* **Exercise goal**
Print the lines that run from the line with "E indep. \<forall>L" to the line with "fix K L x assume", keeping both end lines, exactly as they appear in the entries below, and nothing else.

* **Data to examine**
== Segment start ==

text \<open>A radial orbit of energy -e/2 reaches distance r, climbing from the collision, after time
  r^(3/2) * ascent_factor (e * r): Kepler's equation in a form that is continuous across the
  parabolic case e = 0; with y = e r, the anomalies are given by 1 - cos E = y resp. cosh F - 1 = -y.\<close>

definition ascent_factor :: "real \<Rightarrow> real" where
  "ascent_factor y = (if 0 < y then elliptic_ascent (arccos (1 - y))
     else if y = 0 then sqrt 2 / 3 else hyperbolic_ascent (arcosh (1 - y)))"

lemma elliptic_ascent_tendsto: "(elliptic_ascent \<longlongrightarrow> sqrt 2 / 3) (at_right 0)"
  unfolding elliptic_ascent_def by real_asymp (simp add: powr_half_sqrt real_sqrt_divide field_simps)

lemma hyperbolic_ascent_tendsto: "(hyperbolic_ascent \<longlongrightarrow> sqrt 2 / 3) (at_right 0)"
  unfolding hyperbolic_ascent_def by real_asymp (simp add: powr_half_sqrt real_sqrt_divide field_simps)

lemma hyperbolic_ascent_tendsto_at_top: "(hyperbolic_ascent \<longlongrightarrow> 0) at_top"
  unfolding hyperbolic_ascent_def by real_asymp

== Segment end ==
== Segment start ==

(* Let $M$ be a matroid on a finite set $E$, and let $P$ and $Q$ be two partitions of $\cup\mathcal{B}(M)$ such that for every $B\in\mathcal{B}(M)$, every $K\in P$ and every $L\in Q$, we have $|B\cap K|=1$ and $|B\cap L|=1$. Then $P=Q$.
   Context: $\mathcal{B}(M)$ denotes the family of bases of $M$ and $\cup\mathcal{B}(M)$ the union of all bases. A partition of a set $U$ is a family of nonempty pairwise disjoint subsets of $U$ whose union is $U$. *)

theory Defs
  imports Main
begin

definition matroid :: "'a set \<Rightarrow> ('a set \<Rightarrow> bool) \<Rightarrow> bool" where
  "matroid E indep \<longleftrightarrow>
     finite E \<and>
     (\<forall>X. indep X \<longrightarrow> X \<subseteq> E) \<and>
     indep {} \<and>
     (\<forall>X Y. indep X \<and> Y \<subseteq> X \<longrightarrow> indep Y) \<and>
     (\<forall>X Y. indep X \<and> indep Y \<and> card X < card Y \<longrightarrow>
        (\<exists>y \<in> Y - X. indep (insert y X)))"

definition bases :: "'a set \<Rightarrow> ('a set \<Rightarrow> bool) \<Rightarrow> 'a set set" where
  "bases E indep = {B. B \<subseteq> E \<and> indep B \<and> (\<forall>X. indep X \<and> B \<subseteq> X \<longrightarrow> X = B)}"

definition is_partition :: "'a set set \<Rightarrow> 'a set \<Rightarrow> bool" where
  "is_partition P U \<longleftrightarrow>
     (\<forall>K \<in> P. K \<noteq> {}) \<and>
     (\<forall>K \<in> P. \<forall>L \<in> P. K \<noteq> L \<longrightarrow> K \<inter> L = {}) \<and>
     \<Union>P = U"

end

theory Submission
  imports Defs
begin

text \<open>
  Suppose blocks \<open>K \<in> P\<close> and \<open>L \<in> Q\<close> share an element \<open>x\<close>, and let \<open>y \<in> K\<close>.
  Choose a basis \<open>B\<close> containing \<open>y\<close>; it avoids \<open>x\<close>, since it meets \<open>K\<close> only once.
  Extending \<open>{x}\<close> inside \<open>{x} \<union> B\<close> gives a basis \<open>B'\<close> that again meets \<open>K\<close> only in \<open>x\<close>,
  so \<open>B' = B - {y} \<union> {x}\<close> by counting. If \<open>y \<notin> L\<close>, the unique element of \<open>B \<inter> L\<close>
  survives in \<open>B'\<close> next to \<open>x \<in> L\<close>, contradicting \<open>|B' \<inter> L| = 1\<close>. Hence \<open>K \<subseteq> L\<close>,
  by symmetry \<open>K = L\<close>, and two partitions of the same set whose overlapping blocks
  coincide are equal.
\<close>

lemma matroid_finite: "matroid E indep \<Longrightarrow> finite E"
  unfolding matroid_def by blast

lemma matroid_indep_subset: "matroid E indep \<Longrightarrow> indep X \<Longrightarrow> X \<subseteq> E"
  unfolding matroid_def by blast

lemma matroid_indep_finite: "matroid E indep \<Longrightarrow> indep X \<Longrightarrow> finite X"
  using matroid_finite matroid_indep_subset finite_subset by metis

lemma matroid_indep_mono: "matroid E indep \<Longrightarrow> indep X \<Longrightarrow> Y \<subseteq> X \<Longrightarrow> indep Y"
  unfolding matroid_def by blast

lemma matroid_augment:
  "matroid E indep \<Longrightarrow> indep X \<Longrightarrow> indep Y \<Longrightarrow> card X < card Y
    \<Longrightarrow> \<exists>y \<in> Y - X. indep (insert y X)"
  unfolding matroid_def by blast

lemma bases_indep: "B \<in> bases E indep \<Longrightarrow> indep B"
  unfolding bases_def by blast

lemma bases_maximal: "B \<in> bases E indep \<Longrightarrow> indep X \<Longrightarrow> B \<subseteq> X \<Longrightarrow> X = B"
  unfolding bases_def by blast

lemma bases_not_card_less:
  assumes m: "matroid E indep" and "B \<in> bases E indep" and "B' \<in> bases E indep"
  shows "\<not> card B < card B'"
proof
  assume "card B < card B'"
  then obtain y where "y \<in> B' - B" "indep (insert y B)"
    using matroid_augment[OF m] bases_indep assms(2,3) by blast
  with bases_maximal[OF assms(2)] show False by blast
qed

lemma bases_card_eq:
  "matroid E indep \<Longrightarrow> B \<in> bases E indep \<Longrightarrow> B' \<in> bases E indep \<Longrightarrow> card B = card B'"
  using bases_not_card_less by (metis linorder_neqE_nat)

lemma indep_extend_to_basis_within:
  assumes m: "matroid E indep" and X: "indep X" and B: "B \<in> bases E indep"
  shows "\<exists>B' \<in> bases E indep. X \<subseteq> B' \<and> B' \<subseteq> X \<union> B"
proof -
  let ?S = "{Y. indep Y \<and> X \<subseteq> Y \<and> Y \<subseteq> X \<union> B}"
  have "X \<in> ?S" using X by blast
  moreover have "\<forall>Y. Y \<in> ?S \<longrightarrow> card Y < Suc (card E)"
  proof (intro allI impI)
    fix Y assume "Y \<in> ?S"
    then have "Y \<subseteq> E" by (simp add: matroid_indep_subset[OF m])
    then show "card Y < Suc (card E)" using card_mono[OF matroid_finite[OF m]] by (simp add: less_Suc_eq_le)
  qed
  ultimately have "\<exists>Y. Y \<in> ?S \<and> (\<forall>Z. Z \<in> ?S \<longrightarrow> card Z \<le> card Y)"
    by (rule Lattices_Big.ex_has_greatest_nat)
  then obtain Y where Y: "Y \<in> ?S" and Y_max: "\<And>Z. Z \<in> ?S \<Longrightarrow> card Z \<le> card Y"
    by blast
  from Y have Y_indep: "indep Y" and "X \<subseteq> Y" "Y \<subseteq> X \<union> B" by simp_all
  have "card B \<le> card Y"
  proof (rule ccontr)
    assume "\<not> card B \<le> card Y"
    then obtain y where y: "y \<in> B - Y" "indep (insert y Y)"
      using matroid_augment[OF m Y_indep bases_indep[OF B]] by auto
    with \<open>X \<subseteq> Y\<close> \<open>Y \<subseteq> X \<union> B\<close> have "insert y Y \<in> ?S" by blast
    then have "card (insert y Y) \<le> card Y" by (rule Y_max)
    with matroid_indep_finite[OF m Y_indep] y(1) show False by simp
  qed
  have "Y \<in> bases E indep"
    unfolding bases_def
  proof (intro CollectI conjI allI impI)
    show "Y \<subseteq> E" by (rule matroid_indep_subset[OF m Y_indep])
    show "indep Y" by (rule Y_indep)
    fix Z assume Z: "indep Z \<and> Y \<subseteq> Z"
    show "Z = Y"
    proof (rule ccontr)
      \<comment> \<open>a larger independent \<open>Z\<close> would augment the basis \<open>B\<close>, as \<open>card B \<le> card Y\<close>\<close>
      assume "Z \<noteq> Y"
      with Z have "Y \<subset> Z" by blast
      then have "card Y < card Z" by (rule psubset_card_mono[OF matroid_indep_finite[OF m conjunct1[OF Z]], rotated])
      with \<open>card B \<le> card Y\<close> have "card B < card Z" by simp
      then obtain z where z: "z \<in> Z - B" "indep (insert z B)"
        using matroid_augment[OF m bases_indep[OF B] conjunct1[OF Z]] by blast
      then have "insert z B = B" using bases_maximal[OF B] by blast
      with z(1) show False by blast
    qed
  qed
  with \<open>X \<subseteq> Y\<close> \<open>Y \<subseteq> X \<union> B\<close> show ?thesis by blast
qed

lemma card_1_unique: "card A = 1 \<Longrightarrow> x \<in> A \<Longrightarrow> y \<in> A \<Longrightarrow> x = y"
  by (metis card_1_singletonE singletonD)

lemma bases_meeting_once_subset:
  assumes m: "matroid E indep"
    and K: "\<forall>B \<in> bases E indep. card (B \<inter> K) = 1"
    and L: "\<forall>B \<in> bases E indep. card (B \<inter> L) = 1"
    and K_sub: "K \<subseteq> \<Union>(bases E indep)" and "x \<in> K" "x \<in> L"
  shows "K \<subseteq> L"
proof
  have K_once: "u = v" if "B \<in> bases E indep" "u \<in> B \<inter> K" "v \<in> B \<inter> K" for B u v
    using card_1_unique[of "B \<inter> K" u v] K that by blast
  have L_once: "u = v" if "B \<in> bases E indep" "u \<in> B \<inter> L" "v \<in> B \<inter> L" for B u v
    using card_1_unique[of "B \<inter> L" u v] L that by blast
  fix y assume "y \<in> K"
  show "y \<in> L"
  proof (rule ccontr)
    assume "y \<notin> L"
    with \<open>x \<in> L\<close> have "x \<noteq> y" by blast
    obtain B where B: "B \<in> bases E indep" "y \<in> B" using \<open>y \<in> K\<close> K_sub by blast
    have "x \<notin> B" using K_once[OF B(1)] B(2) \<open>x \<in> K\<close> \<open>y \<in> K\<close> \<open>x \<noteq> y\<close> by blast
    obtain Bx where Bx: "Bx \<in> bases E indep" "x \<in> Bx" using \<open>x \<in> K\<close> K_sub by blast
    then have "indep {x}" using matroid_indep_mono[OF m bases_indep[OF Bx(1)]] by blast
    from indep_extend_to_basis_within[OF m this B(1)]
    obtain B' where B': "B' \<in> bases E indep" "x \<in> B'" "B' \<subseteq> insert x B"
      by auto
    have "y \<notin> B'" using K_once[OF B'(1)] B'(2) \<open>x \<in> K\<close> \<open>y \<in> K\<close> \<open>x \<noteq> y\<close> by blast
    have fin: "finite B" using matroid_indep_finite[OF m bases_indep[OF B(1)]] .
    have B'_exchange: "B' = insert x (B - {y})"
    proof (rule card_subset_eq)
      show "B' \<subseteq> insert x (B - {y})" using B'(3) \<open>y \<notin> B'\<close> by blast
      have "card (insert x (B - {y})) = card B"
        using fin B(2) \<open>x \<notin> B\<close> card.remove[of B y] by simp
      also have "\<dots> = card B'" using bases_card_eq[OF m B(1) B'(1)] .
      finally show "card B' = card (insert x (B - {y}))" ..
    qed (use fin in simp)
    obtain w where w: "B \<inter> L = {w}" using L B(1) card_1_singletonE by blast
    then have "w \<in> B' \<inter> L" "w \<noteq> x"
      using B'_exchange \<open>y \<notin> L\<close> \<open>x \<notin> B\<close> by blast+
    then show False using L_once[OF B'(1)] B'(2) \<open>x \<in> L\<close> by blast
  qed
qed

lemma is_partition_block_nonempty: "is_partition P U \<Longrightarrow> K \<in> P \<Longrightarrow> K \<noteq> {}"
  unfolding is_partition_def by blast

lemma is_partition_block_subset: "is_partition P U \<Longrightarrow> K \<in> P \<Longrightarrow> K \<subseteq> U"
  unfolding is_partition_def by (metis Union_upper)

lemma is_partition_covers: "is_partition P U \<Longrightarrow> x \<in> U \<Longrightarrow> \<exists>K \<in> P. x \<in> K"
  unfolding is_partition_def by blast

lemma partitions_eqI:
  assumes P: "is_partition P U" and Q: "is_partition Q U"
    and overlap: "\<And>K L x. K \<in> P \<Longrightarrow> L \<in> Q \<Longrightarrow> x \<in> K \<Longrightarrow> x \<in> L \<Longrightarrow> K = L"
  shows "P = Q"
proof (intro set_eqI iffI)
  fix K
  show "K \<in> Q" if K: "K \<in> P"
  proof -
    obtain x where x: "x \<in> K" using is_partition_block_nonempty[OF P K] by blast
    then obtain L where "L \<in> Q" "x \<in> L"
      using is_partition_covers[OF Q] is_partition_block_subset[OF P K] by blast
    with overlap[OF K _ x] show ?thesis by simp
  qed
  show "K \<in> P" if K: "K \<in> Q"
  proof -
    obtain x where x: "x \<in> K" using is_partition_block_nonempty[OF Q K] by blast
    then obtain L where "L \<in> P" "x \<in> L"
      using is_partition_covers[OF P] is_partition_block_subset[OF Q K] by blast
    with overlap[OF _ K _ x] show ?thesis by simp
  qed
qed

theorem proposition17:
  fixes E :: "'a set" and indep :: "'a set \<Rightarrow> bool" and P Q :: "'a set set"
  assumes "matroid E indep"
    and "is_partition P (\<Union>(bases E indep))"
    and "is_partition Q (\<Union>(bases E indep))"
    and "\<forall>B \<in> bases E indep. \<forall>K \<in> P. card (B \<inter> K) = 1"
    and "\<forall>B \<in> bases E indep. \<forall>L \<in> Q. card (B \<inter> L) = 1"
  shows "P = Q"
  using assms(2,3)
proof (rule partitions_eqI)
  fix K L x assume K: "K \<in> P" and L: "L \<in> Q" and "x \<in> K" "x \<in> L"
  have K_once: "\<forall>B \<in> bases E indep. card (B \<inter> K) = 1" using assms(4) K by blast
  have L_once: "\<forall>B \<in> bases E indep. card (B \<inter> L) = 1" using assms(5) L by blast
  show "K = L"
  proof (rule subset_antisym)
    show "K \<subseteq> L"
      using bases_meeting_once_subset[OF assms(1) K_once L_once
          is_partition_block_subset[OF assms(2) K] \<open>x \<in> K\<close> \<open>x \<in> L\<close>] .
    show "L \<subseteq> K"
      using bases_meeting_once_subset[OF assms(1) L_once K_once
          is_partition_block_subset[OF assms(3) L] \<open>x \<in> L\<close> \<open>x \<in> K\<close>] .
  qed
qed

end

== Segment end ==

* **Completed task**
    and "\<forall>B \<in> bases E indep. \<forall>L \<in> Q. card (B \<inter> L) = 1"
  shows "P = Q"
  using assms(2,3)
proof (rule partitions_eqI)
  fix K L x assume K: "K \<in> P" and L: "L \<in> Q" and "x \<in> K" "x \<in> L"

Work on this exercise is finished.